• [EXERCISE OBJECTIVE]
State only how many lines below include the word "also".
########
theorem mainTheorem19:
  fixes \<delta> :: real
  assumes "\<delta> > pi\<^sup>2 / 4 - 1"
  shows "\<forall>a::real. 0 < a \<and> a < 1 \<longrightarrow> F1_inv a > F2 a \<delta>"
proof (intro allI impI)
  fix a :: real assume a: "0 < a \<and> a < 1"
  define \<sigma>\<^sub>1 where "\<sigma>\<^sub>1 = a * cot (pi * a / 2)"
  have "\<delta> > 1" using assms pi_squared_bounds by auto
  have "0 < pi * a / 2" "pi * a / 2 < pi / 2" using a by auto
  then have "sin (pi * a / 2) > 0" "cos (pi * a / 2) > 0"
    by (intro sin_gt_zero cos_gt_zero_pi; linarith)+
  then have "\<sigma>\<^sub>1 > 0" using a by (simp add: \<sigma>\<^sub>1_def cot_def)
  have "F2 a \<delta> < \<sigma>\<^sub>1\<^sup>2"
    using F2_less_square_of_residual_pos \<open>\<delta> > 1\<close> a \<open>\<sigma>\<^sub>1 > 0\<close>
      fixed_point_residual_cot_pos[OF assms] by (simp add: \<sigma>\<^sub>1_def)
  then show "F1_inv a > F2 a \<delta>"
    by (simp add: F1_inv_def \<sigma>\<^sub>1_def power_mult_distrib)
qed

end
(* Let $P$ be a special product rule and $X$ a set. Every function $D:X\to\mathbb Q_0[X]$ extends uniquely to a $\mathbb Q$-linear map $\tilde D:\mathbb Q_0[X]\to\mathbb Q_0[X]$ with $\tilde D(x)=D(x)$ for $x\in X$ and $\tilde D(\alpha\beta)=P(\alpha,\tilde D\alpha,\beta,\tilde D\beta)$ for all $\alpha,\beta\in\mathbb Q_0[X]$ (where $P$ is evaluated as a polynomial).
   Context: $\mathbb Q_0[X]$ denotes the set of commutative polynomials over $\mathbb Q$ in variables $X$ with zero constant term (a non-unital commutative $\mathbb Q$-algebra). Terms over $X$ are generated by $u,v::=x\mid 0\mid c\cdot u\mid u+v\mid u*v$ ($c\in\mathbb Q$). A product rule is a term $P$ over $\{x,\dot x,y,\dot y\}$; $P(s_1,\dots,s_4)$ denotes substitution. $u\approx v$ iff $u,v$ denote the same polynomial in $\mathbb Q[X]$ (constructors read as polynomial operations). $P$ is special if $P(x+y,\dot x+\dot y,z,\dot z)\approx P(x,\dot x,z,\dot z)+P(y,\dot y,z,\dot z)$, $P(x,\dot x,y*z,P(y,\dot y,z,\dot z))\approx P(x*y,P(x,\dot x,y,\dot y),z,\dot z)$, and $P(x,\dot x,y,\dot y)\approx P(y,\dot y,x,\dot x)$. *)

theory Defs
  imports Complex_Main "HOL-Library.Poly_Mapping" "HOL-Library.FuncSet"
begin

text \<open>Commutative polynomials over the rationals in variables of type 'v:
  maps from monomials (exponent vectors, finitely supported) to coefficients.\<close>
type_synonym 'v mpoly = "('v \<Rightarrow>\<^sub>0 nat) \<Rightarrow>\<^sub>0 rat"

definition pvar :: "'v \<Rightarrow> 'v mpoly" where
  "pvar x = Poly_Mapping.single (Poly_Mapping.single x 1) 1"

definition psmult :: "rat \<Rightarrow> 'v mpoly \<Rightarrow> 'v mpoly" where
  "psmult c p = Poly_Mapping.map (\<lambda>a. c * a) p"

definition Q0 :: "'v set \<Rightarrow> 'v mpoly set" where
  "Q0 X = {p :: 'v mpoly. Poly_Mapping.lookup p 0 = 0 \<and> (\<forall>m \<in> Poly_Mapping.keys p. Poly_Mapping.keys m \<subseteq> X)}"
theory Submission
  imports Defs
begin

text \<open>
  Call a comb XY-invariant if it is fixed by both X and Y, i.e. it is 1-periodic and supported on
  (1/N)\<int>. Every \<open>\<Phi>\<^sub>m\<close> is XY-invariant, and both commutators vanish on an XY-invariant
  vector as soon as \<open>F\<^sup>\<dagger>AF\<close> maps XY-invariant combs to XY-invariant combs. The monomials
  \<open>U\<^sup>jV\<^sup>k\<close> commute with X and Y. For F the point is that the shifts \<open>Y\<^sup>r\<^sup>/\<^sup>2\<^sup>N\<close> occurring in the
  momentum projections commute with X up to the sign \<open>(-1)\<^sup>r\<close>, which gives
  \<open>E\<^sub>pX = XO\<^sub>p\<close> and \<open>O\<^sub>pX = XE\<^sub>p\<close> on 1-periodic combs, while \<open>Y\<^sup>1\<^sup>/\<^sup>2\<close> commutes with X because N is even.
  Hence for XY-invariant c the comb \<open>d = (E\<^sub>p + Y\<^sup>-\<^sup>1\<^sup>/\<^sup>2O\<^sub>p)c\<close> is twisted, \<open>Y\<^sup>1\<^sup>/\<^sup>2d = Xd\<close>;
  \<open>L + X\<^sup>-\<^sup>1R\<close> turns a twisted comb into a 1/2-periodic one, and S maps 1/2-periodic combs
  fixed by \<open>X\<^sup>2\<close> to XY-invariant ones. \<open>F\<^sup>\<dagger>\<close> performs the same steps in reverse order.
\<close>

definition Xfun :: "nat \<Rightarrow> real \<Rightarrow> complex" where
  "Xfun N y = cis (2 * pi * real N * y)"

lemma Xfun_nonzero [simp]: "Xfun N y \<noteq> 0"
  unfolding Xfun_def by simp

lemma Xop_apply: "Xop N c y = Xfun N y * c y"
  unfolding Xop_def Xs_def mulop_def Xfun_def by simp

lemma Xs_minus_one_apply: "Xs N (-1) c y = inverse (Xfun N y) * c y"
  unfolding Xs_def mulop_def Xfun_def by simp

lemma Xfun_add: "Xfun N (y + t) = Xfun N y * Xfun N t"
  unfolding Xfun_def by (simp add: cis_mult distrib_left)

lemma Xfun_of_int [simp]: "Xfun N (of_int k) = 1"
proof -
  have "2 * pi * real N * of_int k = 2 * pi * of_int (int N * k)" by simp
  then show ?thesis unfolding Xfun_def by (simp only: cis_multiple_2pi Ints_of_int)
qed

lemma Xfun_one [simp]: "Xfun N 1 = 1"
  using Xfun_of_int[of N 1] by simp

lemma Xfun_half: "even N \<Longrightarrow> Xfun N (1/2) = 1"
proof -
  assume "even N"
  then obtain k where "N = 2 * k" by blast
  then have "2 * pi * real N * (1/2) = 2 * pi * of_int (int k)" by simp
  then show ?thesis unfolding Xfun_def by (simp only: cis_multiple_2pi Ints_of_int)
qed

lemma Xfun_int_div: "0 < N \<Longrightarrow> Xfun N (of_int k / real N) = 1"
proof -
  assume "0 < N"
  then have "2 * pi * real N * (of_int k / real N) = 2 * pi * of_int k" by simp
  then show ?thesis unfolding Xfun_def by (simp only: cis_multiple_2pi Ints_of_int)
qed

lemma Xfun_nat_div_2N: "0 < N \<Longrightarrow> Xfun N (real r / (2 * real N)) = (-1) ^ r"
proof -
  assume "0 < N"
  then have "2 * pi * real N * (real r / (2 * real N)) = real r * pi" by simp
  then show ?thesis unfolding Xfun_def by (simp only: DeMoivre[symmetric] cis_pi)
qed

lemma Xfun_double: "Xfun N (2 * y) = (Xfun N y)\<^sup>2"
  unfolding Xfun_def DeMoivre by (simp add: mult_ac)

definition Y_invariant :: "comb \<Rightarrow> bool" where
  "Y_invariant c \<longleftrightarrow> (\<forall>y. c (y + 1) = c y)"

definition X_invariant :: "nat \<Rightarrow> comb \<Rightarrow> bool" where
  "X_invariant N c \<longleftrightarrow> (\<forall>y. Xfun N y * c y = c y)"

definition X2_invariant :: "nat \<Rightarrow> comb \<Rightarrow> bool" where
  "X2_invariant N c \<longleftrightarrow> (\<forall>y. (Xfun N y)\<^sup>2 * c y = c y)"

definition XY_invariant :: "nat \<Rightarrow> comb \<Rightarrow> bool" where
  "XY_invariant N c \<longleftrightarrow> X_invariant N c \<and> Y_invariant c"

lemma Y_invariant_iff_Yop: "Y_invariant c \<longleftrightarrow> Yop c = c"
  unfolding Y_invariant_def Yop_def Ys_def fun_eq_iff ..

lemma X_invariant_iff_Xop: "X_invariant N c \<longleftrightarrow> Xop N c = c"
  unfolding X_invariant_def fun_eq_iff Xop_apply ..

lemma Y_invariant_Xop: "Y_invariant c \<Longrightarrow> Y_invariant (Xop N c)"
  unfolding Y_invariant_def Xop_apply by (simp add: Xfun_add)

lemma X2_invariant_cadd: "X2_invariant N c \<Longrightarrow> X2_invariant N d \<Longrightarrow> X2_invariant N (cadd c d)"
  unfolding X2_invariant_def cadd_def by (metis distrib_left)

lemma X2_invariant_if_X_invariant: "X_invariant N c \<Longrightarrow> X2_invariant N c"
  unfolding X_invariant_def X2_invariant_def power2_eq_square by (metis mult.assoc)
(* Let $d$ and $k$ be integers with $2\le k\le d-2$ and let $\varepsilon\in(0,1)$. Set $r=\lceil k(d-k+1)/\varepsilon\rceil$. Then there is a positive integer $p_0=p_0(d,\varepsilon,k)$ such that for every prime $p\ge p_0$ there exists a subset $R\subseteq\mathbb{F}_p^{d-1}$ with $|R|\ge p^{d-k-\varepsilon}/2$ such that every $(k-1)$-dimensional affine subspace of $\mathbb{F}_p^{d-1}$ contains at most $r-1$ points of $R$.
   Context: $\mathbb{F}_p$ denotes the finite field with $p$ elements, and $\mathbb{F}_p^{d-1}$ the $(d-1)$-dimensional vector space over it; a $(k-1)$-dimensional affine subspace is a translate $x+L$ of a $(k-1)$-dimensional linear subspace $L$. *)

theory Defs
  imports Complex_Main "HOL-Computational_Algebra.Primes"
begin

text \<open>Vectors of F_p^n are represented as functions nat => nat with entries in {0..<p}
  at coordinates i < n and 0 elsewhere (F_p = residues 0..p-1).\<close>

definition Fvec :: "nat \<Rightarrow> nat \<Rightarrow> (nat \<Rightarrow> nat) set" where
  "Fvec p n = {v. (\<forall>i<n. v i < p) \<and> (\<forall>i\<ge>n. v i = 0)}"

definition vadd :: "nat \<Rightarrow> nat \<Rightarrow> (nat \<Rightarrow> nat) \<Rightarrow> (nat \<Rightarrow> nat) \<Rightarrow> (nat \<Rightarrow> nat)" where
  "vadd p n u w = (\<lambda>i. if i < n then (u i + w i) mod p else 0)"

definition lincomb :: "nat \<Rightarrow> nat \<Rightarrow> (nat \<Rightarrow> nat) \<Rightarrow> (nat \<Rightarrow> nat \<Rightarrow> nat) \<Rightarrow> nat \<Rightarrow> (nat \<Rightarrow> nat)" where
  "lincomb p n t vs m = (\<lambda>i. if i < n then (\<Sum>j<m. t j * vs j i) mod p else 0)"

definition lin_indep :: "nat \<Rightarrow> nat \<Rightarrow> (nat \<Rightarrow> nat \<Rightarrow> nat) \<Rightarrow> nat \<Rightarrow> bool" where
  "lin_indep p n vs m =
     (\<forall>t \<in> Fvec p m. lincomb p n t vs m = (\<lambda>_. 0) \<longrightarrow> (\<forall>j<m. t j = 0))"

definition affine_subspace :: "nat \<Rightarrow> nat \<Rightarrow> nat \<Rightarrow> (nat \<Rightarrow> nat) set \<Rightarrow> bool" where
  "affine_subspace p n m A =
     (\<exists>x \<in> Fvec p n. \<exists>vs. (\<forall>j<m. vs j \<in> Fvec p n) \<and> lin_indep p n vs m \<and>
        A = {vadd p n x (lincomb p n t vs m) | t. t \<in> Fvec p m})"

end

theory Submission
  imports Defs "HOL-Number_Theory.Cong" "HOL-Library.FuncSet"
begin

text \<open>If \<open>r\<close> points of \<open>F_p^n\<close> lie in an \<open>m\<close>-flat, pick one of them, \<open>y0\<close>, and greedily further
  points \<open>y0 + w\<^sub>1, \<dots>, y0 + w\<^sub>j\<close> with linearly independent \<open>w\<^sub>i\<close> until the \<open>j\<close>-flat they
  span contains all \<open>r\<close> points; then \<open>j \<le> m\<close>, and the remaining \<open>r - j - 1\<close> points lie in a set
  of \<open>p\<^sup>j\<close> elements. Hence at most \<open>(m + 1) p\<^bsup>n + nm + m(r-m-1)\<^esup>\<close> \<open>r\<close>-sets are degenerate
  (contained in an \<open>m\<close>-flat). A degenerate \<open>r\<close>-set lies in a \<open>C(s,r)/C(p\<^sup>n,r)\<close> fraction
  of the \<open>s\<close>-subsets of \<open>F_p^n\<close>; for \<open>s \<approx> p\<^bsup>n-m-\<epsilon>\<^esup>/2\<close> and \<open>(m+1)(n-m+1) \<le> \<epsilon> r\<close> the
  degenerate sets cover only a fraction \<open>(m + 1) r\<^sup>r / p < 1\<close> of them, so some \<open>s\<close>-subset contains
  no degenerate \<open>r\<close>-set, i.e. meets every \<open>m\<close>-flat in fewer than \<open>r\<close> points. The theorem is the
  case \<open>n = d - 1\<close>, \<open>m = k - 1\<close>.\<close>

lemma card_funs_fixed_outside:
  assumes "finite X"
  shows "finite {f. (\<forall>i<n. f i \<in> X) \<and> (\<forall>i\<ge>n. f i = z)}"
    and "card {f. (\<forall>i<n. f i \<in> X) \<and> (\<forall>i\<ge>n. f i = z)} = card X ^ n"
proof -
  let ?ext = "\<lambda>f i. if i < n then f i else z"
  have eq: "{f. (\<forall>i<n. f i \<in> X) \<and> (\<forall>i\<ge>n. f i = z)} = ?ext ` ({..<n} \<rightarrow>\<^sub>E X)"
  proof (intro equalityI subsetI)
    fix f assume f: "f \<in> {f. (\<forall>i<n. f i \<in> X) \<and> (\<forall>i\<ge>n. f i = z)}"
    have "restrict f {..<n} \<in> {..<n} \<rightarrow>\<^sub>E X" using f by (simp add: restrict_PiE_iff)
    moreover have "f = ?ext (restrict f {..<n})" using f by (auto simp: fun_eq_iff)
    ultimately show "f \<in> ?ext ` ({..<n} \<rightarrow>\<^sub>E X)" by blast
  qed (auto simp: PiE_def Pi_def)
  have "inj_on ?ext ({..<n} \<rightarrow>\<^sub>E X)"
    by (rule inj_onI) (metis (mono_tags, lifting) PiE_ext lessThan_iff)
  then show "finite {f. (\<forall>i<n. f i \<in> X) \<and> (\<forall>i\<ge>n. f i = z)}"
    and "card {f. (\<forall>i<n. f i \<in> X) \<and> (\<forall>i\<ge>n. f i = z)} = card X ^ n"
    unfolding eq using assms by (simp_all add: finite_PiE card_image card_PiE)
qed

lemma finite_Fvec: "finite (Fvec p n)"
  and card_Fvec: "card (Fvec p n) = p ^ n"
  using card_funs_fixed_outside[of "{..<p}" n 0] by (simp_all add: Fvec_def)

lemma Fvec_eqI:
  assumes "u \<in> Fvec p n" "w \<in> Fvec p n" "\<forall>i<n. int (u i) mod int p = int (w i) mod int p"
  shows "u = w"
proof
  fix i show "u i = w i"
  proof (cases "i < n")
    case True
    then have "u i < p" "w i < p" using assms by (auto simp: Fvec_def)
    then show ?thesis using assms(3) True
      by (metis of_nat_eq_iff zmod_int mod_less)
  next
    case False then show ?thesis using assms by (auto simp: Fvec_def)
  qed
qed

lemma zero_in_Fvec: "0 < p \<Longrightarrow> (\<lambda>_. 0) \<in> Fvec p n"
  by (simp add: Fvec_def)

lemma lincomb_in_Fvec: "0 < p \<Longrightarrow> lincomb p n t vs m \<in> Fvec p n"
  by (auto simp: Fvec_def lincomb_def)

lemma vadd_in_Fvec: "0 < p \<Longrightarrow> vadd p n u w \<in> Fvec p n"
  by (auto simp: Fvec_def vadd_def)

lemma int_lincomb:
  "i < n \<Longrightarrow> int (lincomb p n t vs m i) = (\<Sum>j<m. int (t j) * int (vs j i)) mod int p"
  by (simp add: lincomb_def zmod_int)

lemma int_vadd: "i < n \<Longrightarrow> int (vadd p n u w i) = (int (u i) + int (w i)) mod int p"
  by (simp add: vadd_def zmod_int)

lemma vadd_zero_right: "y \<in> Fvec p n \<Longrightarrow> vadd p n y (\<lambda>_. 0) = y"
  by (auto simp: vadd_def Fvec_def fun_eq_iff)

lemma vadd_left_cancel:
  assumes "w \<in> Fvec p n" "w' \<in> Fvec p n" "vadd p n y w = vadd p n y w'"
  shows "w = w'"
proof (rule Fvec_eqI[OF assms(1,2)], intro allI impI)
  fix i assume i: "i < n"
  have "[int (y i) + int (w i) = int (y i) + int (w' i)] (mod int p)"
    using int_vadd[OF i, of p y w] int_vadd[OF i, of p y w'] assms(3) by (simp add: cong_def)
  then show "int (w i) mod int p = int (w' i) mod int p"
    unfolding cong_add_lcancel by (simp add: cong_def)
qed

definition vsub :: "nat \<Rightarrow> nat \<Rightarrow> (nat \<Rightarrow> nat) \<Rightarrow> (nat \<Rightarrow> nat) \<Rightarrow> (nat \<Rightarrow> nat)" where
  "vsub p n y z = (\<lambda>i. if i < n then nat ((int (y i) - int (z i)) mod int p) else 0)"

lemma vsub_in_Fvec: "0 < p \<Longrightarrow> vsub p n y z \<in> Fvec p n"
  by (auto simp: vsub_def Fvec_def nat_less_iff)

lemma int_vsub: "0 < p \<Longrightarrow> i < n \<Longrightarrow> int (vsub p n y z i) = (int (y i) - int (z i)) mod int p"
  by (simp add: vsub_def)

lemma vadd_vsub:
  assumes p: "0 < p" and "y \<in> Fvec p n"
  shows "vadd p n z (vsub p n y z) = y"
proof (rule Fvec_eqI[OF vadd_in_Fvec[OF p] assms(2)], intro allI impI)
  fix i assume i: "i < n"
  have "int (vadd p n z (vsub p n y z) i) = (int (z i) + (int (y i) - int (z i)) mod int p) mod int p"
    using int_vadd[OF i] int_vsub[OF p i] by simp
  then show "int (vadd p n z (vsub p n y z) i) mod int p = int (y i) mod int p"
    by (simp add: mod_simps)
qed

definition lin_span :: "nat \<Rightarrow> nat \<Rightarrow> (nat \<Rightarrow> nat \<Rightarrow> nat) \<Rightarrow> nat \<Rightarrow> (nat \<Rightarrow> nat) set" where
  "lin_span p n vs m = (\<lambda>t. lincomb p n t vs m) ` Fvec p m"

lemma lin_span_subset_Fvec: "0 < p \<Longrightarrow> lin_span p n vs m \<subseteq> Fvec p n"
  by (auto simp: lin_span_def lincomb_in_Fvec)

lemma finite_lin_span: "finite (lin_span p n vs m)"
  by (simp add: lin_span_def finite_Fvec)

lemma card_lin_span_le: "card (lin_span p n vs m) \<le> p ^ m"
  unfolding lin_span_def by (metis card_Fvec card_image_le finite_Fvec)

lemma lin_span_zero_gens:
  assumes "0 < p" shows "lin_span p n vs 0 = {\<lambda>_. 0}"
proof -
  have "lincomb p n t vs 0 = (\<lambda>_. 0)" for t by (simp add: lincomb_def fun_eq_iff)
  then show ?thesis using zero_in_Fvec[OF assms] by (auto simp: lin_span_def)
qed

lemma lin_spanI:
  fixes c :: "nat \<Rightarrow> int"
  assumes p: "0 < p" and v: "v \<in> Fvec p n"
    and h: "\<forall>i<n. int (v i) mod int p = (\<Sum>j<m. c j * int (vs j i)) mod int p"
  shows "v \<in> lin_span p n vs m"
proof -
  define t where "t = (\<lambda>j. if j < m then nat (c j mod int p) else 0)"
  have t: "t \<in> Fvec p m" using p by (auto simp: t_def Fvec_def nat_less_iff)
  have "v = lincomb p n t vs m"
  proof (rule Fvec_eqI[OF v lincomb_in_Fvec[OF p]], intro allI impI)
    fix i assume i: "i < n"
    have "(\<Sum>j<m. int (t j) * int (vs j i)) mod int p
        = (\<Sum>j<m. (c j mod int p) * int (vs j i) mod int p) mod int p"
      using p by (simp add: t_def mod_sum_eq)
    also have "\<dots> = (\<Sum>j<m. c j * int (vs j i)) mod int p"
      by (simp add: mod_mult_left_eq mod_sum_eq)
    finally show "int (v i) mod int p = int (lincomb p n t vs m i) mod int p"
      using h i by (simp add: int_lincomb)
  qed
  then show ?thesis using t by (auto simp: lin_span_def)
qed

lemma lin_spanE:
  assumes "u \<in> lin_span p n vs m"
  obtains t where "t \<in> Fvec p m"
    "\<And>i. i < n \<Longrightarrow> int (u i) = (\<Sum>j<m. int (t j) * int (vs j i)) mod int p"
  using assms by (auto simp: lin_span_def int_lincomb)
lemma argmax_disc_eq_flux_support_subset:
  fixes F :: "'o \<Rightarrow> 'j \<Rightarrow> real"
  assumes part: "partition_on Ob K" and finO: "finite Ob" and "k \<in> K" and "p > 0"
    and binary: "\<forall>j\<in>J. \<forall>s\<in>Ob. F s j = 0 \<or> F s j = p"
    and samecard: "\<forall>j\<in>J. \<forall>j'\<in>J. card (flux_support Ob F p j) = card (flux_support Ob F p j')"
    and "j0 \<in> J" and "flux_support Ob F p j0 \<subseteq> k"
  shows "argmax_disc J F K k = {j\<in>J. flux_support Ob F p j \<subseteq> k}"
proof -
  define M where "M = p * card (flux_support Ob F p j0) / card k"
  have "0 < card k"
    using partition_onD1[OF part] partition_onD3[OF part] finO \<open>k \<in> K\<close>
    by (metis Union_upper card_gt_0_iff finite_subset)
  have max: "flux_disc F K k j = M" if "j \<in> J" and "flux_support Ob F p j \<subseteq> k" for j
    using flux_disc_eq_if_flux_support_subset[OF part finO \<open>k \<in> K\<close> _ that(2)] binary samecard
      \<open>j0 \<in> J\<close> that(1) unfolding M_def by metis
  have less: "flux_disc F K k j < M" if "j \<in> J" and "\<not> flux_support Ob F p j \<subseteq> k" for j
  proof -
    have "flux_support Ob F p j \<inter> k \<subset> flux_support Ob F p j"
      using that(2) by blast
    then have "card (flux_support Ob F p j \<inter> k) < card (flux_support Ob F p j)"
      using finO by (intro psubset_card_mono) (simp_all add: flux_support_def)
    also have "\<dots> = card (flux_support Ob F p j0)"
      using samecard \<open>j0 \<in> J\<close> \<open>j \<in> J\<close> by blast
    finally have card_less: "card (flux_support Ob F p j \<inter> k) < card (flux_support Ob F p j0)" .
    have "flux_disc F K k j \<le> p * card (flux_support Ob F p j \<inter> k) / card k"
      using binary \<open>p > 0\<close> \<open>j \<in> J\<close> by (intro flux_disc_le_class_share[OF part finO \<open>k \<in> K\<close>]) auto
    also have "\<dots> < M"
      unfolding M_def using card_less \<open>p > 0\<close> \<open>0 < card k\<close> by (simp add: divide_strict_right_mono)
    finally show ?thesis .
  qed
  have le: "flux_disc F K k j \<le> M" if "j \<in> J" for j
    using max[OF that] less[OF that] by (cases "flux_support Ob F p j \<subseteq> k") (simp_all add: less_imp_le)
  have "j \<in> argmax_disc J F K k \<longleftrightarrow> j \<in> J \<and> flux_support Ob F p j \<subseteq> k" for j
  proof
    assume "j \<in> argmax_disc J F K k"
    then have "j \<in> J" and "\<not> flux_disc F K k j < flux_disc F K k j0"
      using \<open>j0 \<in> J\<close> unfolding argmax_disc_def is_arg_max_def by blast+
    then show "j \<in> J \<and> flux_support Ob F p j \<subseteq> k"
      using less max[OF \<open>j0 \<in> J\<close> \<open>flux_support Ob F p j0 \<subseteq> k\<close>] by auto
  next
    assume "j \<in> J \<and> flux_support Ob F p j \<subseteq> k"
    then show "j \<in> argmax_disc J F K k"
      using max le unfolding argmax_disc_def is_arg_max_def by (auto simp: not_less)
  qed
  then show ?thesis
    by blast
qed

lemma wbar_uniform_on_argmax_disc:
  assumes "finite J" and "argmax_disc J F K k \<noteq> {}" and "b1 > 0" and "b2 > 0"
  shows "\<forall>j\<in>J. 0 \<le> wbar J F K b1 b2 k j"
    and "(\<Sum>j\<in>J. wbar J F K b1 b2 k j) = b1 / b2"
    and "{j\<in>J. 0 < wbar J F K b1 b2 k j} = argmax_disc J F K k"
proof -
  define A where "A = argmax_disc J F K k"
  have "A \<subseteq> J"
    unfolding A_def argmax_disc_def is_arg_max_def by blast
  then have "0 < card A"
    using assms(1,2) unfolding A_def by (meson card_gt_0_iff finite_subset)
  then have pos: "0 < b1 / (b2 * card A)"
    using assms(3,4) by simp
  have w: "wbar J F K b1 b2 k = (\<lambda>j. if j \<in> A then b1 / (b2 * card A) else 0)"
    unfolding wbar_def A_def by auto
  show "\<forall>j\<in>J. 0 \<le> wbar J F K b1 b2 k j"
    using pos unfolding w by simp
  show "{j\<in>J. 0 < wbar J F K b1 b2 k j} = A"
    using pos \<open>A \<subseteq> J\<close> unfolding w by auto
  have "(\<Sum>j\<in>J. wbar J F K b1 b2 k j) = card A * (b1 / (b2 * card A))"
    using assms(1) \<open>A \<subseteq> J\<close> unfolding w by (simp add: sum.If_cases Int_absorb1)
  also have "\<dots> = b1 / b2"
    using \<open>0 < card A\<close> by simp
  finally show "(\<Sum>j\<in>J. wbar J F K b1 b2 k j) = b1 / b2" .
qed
########
• [RESULT OF THE TASK]
4